Stored data:
──────────────────────────────

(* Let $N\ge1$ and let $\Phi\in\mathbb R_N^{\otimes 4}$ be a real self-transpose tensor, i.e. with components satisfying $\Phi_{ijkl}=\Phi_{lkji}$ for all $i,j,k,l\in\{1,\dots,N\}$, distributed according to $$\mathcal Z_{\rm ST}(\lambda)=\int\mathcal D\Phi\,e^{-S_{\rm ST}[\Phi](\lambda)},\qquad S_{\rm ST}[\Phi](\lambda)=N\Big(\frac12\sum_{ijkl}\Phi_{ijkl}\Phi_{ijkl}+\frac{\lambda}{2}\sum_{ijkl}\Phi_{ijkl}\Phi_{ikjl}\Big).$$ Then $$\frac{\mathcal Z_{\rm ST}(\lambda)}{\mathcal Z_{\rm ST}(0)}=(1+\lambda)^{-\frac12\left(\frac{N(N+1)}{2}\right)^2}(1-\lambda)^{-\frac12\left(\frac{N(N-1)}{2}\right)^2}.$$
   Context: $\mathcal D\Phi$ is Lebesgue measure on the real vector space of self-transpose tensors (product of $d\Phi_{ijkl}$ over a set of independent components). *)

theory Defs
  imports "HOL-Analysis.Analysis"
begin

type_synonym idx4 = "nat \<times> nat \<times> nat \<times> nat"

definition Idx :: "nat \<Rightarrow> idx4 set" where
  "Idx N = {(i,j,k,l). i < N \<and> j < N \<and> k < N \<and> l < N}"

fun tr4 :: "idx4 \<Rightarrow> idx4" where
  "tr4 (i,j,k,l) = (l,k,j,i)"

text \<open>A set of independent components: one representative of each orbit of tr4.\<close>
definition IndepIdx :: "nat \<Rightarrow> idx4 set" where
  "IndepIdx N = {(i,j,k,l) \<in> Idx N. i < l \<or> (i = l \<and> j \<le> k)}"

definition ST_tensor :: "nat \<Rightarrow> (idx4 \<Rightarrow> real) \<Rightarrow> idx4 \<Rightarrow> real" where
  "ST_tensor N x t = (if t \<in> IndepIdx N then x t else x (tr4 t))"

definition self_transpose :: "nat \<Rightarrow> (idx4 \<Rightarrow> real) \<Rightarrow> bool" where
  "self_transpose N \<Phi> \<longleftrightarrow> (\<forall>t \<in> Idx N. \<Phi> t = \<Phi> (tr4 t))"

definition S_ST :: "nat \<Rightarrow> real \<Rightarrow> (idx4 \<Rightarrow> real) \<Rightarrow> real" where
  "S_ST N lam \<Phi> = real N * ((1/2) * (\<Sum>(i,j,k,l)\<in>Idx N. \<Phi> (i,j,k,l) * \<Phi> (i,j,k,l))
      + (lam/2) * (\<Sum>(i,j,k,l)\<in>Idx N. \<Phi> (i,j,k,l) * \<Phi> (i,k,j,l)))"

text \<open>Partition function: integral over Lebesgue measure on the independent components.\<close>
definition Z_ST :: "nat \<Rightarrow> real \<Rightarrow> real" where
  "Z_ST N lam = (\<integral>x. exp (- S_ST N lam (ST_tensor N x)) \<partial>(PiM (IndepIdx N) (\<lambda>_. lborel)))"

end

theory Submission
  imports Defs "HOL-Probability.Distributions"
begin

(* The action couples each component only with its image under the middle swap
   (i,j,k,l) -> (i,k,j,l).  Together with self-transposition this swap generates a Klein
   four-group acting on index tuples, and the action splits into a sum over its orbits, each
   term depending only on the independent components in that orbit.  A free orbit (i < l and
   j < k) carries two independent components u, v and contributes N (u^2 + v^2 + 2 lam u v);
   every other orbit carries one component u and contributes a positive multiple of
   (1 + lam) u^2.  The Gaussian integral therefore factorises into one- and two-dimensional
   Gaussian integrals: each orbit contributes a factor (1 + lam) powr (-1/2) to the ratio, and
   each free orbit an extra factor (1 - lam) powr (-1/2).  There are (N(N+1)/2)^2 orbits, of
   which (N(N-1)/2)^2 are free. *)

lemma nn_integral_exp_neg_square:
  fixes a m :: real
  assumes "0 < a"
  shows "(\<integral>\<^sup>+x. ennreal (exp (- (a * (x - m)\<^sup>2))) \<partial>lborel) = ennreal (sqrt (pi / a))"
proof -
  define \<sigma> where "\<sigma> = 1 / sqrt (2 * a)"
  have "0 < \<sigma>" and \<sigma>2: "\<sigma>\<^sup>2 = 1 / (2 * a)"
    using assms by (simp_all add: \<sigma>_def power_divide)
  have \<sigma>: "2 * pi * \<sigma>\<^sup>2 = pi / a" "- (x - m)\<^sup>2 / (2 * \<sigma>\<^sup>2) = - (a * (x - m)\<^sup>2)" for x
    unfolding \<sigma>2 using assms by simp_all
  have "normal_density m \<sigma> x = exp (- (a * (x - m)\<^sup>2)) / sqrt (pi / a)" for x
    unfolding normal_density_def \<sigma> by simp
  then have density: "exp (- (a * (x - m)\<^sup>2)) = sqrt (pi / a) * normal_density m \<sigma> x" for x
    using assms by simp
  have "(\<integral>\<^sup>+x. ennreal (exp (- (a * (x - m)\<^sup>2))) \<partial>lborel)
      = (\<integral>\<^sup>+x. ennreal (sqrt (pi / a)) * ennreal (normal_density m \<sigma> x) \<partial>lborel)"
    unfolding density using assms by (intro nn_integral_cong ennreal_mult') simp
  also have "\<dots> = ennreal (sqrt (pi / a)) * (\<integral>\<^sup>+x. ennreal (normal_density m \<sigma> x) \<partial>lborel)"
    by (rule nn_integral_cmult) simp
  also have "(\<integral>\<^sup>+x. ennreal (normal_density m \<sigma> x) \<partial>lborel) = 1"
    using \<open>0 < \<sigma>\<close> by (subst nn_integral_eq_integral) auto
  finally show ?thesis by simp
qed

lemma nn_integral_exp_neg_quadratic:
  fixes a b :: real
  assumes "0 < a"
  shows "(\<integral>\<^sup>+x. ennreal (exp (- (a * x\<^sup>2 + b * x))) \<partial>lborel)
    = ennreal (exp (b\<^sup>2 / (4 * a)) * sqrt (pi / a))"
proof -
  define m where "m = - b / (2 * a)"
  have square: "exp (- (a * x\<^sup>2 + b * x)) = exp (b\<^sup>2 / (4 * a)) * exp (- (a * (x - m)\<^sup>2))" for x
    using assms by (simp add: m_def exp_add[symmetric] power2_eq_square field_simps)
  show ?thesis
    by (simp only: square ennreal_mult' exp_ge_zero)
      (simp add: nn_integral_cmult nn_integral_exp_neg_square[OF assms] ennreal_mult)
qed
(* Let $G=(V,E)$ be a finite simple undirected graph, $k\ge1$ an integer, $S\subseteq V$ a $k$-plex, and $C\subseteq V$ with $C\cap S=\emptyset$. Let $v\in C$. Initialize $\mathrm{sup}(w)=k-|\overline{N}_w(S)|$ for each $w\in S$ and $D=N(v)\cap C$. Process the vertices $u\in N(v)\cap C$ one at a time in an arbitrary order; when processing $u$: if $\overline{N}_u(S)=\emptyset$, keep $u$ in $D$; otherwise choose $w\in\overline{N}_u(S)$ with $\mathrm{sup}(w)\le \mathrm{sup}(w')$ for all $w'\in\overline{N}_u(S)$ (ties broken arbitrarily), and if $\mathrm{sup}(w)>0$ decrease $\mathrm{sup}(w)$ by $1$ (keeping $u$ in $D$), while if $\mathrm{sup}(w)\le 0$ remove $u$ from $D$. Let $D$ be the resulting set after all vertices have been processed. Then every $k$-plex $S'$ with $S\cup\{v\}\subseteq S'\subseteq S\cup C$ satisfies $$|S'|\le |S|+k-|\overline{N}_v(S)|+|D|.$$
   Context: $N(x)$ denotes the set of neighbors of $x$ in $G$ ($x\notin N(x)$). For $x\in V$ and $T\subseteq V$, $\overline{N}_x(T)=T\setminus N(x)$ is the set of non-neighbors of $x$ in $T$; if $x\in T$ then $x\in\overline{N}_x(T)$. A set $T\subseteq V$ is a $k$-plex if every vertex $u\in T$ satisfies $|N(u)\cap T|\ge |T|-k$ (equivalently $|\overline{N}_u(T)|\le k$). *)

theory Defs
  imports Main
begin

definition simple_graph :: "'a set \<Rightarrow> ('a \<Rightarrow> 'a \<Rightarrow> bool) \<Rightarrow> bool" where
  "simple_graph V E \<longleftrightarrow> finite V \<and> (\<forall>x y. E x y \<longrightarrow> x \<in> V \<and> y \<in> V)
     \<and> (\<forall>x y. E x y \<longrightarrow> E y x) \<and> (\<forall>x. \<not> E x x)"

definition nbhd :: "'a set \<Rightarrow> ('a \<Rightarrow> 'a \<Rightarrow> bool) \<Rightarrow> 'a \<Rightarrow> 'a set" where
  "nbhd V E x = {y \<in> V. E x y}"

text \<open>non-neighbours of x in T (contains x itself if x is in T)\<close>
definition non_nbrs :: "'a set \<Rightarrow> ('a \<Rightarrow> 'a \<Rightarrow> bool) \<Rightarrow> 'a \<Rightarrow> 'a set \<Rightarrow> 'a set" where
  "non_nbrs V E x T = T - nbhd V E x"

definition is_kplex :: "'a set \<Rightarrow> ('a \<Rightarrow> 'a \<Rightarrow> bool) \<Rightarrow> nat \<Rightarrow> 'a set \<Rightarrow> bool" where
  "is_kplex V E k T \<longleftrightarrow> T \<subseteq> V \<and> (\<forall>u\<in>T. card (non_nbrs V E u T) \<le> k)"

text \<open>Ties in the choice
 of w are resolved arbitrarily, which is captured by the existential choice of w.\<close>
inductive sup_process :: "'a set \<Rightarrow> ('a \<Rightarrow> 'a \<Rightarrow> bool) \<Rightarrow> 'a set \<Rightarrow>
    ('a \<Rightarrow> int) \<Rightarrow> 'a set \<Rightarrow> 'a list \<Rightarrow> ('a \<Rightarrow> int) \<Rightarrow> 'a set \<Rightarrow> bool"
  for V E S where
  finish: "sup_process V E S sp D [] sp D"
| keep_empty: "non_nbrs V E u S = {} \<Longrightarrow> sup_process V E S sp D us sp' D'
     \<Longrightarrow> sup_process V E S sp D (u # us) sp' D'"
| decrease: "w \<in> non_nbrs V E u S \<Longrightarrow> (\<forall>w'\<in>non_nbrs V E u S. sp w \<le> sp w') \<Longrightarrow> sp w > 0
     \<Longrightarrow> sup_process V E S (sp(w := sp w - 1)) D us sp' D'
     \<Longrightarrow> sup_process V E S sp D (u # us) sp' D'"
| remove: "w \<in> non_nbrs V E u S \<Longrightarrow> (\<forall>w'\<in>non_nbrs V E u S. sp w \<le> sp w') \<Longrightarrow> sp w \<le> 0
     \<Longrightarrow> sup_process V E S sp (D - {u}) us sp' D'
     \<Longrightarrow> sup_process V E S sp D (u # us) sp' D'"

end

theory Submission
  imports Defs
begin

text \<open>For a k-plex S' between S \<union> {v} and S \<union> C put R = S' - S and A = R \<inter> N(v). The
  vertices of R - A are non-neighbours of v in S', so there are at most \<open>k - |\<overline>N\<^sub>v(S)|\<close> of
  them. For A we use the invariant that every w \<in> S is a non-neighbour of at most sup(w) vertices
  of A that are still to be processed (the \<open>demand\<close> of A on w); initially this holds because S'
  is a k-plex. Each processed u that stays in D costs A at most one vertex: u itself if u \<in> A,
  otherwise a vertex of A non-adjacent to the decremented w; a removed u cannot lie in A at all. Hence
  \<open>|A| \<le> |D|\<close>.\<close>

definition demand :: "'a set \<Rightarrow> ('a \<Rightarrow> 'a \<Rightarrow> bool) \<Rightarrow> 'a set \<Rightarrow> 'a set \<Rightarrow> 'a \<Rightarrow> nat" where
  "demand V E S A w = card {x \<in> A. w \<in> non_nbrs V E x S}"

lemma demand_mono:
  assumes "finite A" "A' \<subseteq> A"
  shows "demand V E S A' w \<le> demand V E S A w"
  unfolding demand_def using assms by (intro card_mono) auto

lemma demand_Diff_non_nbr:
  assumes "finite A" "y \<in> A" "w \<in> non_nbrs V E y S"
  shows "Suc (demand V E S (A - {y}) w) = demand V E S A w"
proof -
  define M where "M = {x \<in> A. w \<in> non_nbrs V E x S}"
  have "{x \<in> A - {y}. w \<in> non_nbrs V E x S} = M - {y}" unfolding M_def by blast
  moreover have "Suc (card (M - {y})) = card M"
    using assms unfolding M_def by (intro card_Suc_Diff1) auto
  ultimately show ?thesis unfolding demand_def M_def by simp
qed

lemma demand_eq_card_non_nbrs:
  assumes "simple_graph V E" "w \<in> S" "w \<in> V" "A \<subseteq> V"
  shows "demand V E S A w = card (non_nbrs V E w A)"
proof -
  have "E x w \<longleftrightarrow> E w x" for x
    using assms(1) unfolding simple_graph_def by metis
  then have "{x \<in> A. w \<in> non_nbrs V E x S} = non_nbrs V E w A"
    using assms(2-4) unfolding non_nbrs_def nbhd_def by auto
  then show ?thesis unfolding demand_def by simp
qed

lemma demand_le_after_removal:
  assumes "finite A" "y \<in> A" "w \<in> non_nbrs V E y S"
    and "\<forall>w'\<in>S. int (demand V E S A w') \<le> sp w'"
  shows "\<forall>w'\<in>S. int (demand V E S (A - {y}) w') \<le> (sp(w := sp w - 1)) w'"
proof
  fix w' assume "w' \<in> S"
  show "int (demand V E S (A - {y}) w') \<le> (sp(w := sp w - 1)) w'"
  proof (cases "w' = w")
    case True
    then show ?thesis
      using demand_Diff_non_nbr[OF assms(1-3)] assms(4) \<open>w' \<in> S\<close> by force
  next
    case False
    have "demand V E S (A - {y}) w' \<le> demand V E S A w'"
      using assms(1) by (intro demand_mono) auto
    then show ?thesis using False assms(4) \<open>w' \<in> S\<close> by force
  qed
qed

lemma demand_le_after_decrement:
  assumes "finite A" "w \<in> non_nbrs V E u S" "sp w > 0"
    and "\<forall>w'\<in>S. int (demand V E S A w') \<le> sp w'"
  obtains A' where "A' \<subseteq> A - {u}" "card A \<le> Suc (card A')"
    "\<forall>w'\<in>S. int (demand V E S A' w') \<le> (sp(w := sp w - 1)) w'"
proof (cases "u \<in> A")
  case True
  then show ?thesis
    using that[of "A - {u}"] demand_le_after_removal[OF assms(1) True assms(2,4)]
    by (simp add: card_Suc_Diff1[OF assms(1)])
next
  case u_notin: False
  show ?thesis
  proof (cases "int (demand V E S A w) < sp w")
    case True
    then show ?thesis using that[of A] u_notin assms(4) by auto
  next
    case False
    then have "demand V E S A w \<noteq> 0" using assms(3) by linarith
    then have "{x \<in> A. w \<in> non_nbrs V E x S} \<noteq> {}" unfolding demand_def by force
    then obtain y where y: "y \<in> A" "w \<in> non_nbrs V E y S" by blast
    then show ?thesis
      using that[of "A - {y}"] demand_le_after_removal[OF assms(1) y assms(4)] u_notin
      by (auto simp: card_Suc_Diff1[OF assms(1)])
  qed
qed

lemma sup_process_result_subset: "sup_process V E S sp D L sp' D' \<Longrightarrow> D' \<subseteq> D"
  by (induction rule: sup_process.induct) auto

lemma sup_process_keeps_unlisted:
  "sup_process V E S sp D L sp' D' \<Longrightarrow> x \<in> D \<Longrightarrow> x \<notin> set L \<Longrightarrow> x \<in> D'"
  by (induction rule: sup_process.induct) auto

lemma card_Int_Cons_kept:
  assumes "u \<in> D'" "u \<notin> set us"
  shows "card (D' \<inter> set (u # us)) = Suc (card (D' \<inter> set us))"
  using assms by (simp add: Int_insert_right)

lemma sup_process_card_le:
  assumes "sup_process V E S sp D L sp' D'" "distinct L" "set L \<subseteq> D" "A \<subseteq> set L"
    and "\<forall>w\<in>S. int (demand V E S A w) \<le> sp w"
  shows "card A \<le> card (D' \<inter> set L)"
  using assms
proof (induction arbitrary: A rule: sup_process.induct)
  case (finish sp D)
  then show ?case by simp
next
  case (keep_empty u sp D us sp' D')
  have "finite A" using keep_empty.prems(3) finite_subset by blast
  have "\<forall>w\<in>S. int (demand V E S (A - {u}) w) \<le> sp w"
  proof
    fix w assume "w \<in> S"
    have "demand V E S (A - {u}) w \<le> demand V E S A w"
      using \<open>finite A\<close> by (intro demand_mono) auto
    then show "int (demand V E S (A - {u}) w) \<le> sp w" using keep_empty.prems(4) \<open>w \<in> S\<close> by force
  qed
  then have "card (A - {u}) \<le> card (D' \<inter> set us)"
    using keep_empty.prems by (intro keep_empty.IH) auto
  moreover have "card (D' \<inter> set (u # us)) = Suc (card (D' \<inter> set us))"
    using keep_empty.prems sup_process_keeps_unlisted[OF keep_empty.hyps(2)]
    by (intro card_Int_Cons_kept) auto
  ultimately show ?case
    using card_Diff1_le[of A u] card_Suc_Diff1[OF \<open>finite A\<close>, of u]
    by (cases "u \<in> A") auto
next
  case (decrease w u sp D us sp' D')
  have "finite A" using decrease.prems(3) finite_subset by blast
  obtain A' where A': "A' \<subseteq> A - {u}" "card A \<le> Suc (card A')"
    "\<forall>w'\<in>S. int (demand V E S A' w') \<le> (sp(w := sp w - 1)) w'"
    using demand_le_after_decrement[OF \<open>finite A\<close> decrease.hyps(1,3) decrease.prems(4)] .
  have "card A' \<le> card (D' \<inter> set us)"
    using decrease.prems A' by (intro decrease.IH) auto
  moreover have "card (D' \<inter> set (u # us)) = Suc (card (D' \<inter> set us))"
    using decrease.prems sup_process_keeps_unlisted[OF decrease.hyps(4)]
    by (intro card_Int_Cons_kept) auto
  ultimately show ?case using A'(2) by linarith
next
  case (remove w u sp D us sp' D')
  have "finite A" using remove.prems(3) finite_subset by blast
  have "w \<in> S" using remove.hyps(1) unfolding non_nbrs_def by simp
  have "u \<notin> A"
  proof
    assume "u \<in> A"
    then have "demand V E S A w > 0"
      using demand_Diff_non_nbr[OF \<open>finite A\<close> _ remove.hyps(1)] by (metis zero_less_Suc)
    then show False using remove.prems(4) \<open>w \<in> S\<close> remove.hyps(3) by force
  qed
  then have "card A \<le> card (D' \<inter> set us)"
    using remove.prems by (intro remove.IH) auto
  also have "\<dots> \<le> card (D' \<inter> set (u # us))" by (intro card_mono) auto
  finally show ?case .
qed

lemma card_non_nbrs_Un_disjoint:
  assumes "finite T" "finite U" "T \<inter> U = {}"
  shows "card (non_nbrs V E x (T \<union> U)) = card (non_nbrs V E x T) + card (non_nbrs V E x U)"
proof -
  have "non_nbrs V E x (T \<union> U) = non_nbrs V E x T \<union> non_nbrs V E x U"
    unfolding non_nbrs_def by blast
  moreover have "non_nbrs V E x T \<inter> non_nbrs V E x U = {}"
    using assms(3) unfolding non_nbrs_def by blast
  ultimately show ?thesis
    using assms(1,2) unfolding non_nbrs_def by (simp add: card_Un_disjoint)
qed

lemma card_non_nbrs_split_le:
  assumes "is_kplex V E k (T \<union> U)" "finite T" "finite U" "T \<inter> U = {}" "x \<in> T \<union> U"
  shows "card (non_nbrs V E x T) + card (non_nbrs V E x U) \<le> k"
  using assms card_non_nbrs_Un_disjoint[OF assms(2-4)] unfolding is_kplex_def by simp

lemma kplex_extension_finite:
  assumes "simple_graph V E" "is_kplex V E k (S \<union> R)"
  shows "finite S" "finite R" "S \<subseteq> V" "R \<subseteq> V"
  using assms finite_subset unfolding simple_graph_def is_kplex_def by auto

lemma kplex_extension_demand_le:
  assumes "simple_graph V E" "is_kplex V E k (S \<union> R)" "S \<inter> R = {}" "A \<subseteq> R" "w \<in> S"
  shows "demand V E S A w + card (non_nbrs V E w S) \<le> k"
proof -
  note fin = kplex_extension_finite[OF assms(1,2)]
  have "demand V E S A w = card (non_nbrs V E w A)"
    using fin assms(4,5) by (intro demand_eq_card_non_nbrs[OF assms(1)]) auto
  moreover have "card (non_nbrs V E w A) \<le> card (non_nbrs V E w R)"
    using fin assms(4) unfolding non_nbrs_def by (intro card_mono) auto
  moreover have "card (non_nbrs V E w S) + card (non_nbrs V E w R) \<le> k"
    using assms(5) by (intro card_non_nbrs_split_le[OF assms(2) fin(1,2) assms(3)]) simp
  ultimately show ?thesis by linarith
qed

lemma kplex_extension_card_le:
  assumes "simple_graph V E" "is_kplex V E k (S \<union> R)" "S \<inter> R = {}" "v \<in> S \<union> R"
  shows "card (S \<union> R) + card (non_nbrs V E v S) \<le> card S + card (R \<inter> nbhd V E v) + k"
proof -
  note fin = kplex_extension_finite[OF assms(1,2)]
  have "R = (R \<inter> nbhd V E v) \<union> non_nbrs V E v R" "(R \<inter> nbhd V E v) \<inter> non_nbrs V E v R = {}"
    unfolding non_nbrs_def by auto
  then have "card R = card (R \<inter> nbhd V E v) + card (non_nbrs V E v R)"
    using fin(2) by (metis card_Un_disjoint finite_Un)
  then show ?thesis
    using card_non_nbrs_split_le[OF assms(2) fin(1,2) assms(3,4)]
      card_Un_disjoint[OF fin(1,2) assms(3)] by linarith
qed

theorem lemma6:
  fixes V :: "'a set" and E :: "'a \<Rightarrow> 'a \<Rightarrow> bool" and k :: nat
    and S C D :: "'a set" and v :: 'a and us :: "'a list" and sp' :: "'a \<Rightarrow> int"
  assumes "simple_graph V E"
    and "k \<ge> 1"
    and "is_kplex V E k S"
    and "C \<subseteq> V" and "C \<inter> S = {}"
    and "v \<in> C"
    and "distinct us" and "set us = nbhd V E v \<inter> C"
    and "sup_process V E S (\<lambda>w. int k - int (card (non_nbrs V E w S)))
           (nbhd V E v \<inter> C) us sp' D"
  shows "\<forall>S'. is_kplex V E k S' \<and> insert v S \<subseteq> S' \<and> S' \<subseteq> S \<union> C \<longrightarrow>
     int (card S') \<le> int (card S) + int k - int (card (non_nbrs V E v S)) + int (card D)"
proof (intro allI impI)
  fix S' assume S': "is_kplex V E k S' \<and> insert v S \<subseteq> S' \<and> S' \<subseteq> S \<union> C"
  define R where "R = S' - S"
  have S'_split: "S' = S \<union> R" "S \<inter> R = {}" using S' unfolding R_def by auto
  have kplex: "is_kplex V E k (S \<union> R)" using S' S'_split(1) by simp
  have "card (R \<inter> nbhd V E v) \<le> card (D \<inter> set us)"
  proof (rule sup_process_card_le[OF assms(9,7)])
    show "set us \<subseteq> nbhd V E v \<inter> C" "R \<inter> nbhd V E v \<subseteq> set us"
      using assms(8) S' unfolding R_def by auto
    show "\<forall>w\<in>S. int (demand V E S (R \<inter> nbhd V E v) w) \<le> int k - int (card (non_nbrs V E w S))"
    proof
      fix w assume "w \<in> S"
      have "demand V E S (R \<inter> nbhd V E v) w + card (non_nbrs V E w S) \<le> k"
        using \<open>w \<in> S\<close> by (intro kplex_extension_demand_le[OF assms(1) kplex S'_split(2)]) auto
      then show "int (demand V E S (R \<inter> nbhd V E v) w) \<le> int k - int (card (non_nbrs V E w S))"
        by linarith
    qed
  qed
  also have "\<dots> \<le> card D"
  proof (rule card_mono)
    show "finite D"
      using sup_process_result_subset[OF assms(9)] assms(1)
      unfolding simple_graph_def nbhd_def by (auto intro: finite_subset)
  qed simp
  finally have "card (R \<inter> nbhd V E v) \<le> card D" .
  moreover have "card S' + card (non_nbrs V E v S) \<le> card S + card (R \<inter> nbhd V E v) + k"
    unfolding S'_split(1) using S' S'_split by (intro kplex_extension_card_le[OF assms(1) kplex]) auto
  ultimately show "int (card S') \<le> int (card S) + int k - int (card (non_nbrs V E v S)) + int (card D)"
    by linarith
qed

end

──────────────────────────────

* [Problem statement] Once you find the line containing "text \<open>A set", stop: reproduce exactly that line and every line of the data before it, and nothing else.

* [Your response]
(* Let $N\ge1$ and let $\Phi\in\mathbb R_N^{\otimes 4}$ be a real self-transpose tensor, i.e. with components satisfying $\Phi_{ijkl}=\Phi_{lkji}$ for all $i,j,k,l\in\{1,\dots,N\}$, distributed according to $$\mathcal Z_{\rm ST}(\lambda)=\int\mathcal D\Phi\,e^{-S_{\rm ST}[\Phi](\lambda)},\qquad S_{\rm ST}[\Phi](\lambda)=N\Big(\frac12\sum_{ijkl}\Phi_{ijkl}\Phi_{ijkl}+\frac{\lambda}{2}\sum_{ijkl}\Phi_{ijkl}\Phi_{ikjl}\Big).$$ Then $$\frac{\mathcal Z_{\rm ST}(\lambda)}{\mathcal Z_{\rm ST}(0)}=(1+\lambda)^{-\frac12\left(\frac{N(N+1)}{2}\right)^2}(1-\lambda)^{-\frac12\left(\frac{N(N-1)}{2}\right)^2}.$$
   Context: $\mathcal D\Phi$ is Lebesgue measure on the real vector space of self-transpose tensors (product of $d\Phi_{ijkl}$ over a set of independent components). *)

theory Defs
  imports "HOL-Analysis.Analysis"
begin

type_synonym idx4 = "nat \<times> nat \<times> nat \<times> nat"

definition Idx :: "nat \<Rightarrow> idx4 set" where
  "Idx N = {(i,j,k,l). i < N \<and> j < N \<and> k < N \<and> l < N}"

fun tr4 :: "idx4 \<Rightarrow> idx4" where
  "tr4 (i,j,k,l) = (l,k,j,i)"

text \<open>A set of independent components: one representative of each orbit of tr4.\<close>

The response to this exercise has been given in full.